--- EXERCISE ---
From the records below, set down exactly the lines starting with the line that contains "by (simp add: scaleR_diff_left" and going on through the line that contains "(\<forall>t<N. \<forall>G. represents". Nothing else is wanted.

DATASET EXTRACT Block Start

lemma represents_0_if_error_cov_offsets:
  assumes "stationary w m N" and "reciprocal w m N n" and "N > 2 * n" and "n \<ge> 1"
    and "\<forall>d\<in>offsets n. \<forall>i<m. \<forall>l<m. error_cov w m N n F d i l = 0"
  shows "represents w m N n 0 F"
  unfolding represents_iff_is_proj
proof (intro allI impI)
  fix i assume i: "i < m"
  have N: "N > 0" using assms(3) by simp
  have "ymod w N (- k) j \<in> neighbours w m N n" if "k \<in> offsets n" "j < m" for k j
    unfolding neighbours_def using that by (intro image_eqI[of _ _ "(k, j)"]) auto
  then have "- neighbour_sum w m N n F 0 i \<in> span (neighbours w m N n)"
    unfolding neighbour_sum_def by (intro span_neg span_sum span_scale span_base) simp
  moreover have "inner (w 0 i + neighbour_sum w m N n F 0 i) c = 0"
    if c: "c \<in> neighbours w m N n" for c
  proof -
    obtain k l where k: "k \<in> offsets n" and "l < m" and "c = ymod w N (- k) l"
      using c unfolding neighbours_def by (auto simp del: Diff_iff atLeastAtMost_iff)
    then have "inner (w 0 i + neighbour_sum w m N n F 0 i) c = error_cov w m N n F k i l"
      using inner_error_ymod[OF assms(1) N i \<open>l < m\<close>, where a = 0 and b = "- k"] by simp
    also have "\<dots> = 0"
      using assms(5) k i \<open>l < m\<close> by blast
    finally show ?thesis .
  qed
  ultimately have "is_proj (neighbours w m N n) (w 0 i) (- neighbour_sum w m N n F 0 i)"
    unfolding is_proj_def by simp
  then show "is_proj (comps w m ({0..<N} - {0})) (w 0 i) (- neighbour_sum w m N n F (int 0) i)"
    using reciprocal_is_proj_neighbours[OF assms(2-4) i] by simp
qed

lemma represents_0_exists:
  assumes "reciprocal w m N n" and "N > 2 * n" and "n \<ge> 1"
  shows "\<exists>F. represents w m N n 0 F"
proof -
  let ?A = "offsets n \<times> {..<m}"
  let ?f = "\<lambda>(k, j). ymod w N (- k) j"
  have "\<exists>c. is_proj (neighbours w m N n) (w 0 i) (\<Sum>a\<in>?A. c a *\<^sub>R ?f a)" for i
  proof -
    obtain p where p: "is_proj (neighbours w m N n) (w 0 i) p"
      using is_proj_exists[OF finite_neighbours] by blast
    moreover obtain c where "p = (\<Sum>a\<in>?A. c a *\<^sub>R ?f a)"
      using p unfolding is_proj_def neighbours_def
      by (auto elim: span_image_obtain_coeffs[rotated])
    ultimately show ?thesis by blast
  qed
  then obtain C where C: "\<And>i. is_proj (neighbours w m N n) (w 0 i) (\<Sum>a\<in>?A. C i a *\<^sub>R ?f a)"
    by metis
  define F where "F k i j = - C i (k, j)" for k i j
  have "(\<Sum>a\<in>?A. C i a *\<^sub>R ?f a) = - neighbour_sum w m N n F 0 i" for i
    unfolding neighbour_sum_def F_def
    by (simp add: sum.cartesian_product split_beta sum_negf)
  then have "represents w m N n 0 F"
    using reciprocal_is_proj_neighbours[OF assms, OF _ C] unfolding represents_iff_is_proj by simp
  then show ?thesis by blast
qed

lemma represents_0_transfer:
  assumes "stationary y m N" and "stationary z m N" and "reciprocal z m N n"
    and "N > 2 * n" and "n \<ge> 1"
    and "\<forall>k\<le>2 * n. \<forall>i<m. \<forall>j<m. lag z N (int k) i j = lag y N (int k) i j"
    and "represents y m N n 0 F"
  shows "represents z m N n 0 F"
proof (rule represents_0_if_error_cov_offsets[OF assms(2-5)], intro ballI allI impI)
  fix d i l assume d: "d \<in> offsets n" and "i < m" "l < m"
  have N: "N > 0" using assms(4) by simp
  have "d mod int N \<noteq> 0"
    using offset_mod_neq[OF d assms(4), of d] by simp
  then have "error_cov y m N n F d i l = 0"
    using assms(7) \<open>i < m\<close> \<open>l < m\<close> unfolding represents_iff_error_cov[OF assms(1,4) N] by blast
  then show "error_cov z m N n F d i l = 0"
    using error_cov_eq_if_lags_eq[OF assms(2,1) N assms(6) d \<open>i < m\<close> \<open>l < m\<close>] by simp
qed

lemma full_rank_coeffs_eq_0:
  assumes "full_rank w m N" and "(\<Sum>s<N. \<Sum>j<m. c s j *\<^sub>R w s j) = 0"
    and "s < N" and "j < m"
  shows "c s j = 0"
proof (rule ccontr)
  assume "c s j \<noteq> 0"
  then have "(\<Sum>t<N. \<Sum>s<N. \<Sum>i<m. \<Sum>j<m. c t i * c s j * inner (w t i) (w s j)) > 0"
    using assms(1,3,4) unfolding full_rank_def by blast
  also have "\<dots> = (\<Sum>t<N. \<Sum>i<m. \<Sum>s<N. \<Sum>j<m. c t i * c s j * inner (w t i) (w s j))"
    by (intro sum.cong refl sum.swap)
  also have "\<dots> = inner (\<Sum>t<N. \<Sum>i<m. c t i *\<^sub>R w t i) (\<Sum>s<N. \<Sum>j<m. c s j *\<^sub>R w s j)"
    unfolding inner_sum_left inner_scaleR_left
    unfolding inner_sum_right inner_scaleR_right
    by (simp add: sum_distrib_left mult.assoc)
  finally show False
    using assms(2) by simp
qed

lemma full_rank_independent:
  assumes "full_rank w m N" and "inj_on g K" and "g ` K \<subseteq> {..<N}"
    and "(\<Sum>k\<in>K. \<Sum>j<m. d k j *\<^sub>R w (g k) j) = 0" and "k \<in> K" and "j < m"
  shows "d k j = 0"
proof -
  define c where "c s j = (if s \<in> g ` K then d (the_inv_into K g s) j else 0)" for s j
  have "(\<Sum>s<N. \<Sum>j<m. c s j *\<^sub>R w s j)
      = (\<Sum>s\<in>g ` K. \<Sum>j<m. d (the_inv_into K g s) j *\<^sub>R w s j)"
    unfolding c_def using assms(3)
    by (intro sum.mono_neutral_cong_right) auto
  also have "\<dots> = (\<Sum>k\<in>K. \<Sum>j<m. d k j *\<^sub>R w (g k) j)"
    using assms(2) by (simp add: sum.reindex the_inv_into_f_f)
  finally have "(\<Sum>s<N. \<Sum>j<m. c s j *\<^sub>R w s j) = 0"
    using assms(4) by simp
  then have "c (g k) j = 0"
    using full_rank_coeffs_eq_0[OF assms(1)] assms(3,5,6) by blast
  then show ?thesis
    using assms(2,5) by (simp add: c_def the_inv_into_f_f)
qed

lemma represents_unique:
  assumes "full_rank w m N" and "N > 2 * n" and "t < N"
    and "represents w m N n t F" and "represents w m N n t G"
    and "k \<in> offsets n" and "i < m" and "j < m"
  shows "G k i j = F k i j"
proof -
  define g where "g k = nat ((int t - k) mod int N)" for k
  have N: "N > 0" using assms(2) by simp
  have "inj_on g (offsets n)"
  proof (rule inj_onI)
    fix k k' assume "k \<in> offsets n" "k' \<in> offsets n" "g k = g k'"
    moreover from \<open>g k = g k'\<close> have "(int t - k) mod int N = (int t - k') mod int N"
      using N unfolding g_def by (simp add: eq_nat_nat_iff)
    ultimately show "k = k'"
      using offsets_mod_inj[OF _ _ assms(2)] by blast
  qed
  moreover have "g ` offsets n \<subseteq> {..<N}"
    using N by (auto simp: g_def nat_less_iff)
  moreover have "(\<Sum>k\<in>offsets n. \<Sum>j<m. (G k i j - F k i j) *\<^sub>R w (g k) j) = 0"
  proof -
    have "neighbour_sum w m N n G (int t) i = neighbour_sum w m N n F (int t) i"
      using assms(4,5,7) unfolding represents_def neighbour_sum_def by simp
    then show ?thesis
      unfolding neighbour_sum_def g_def ymod_def
      by (simp add: scaleR_diff_left sum_subtractf)
  qed
  ultimately have "G k i j - F k i j = 0"
    by (rule full_rank_independent[OF assms(1) _ _ _ assms(6,8)])
  then show ?thesis by simp
qed

theorem lemma1:
  fixes y :: "nat \<Rightarrow> nat \<Rightarrow> 'h::real_inner"
    and m n N :: nat
  assumes "m \<ge> 1" and "n \<ge> 1" and "N > 2 * n"
    and "stationary y m N"
    and "reciprocal y m N n"
  shows "(\<exists>F. \<forall>t<N. represents y m N n t F)
    \<and> (full_rank y m N \<longrightarrow>
        (\<exists>F. (\<forall>t<N. represents y m N n t F)
           \<and> (\<forall>t<N. \<forall>G. represents y m N n t G \<longrightarrow>
                (\<forall>k\<in>{-int n..int n} - {0}. \<forall>i<m. \<forall>j<m. G k i j = F k i j))
           \<and> (\<forall>z :: nat \<Rightarrow> nat \<Rightarrow> 'g::real_inner.
                stationary z m N \<and> reciprocal z m N n \<and> full_rank z m N
                \<and> (\<forall>k\<le>2 * n. \<forall>i<m. \<forall>j<m. lag z N (int k) i j = lag y N (int k) i j)
                \<longrightarrow> (\<forall>t<N. represents z m N n t F))))"
proof -
  obtain F where F0: "represents y m N n 0 F"
    using represents_0_exists[OF assms(5,3,2)] by blast
  have F: "\<forall>t<N. represents y m N n t F"
    using represents_iff_represents_0[OF assms(4,3)] F0 by blast
  have unique: "\<forall>t<N. \<forall>G. represents y m N n t G \<longrightarrow>
      (\<forall>k\<in>offsets n. \<forall>i<m. \<forall>j<m. G k i j = F k i j)" if "full_rank y m N"
    using represents_unique[OF that assms(3)] F by blast
  have transfer: "\<forall>t<N. represents z m N n t F"
    if "stationary z m N" and "reciprocal z m N n"
      and "\<forall>k\<le>2 * n. \<forall>i<m. \<forall>j<m. lag z N (int k) i j = lag y N (int k) i j"
    for z :: "nat \<Rightarrow> nat \<Rightarrow> 'g::real_inner"
    using represents_0_transfer[OF assms(4) that(1,2) assms(3,2) that(3) F0]
      represents_iff_represents_0[OF that(1) assms(3)] by blast
  show ?thesis
    using F unique transfer by (intro conjI impI exI[of _ F] allI) auto
qed

end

DATASET EXTRACT Block End

--- REPLY TO THE EXERCISE ---
      by (simp add: scaleR_diff_left sum_subtractf)
  qed
  ultimately have "G k i j - F k i j = 0"
    by (rule full_rank_independent[OF assms(1) _ _ _ assms(6,8)])
  then show ?thesis by simp
qed

theorem lemma1:
  fixes y :: "nat \<Rightarrow> nat \<Rightarrow> 'h::real_inner"
    and m n N :: nat
  assumes "m \<ge> 1" and "n \<ge> 1" and "N > 2 * n"
    and "stationary y m N"
    and "reciprocal y m N n"
  shows "(\<exists>F. \<forall>t<N. represents y m N n t F)
    \<and> (full_rank y m N \<longrightarrow>
        (\<exists>F. (\<forall>t<N. represents y m N n t F)
           \<and> (\<forall>t<N. \<forall>G. represents y m N n t G \<longrightarrow>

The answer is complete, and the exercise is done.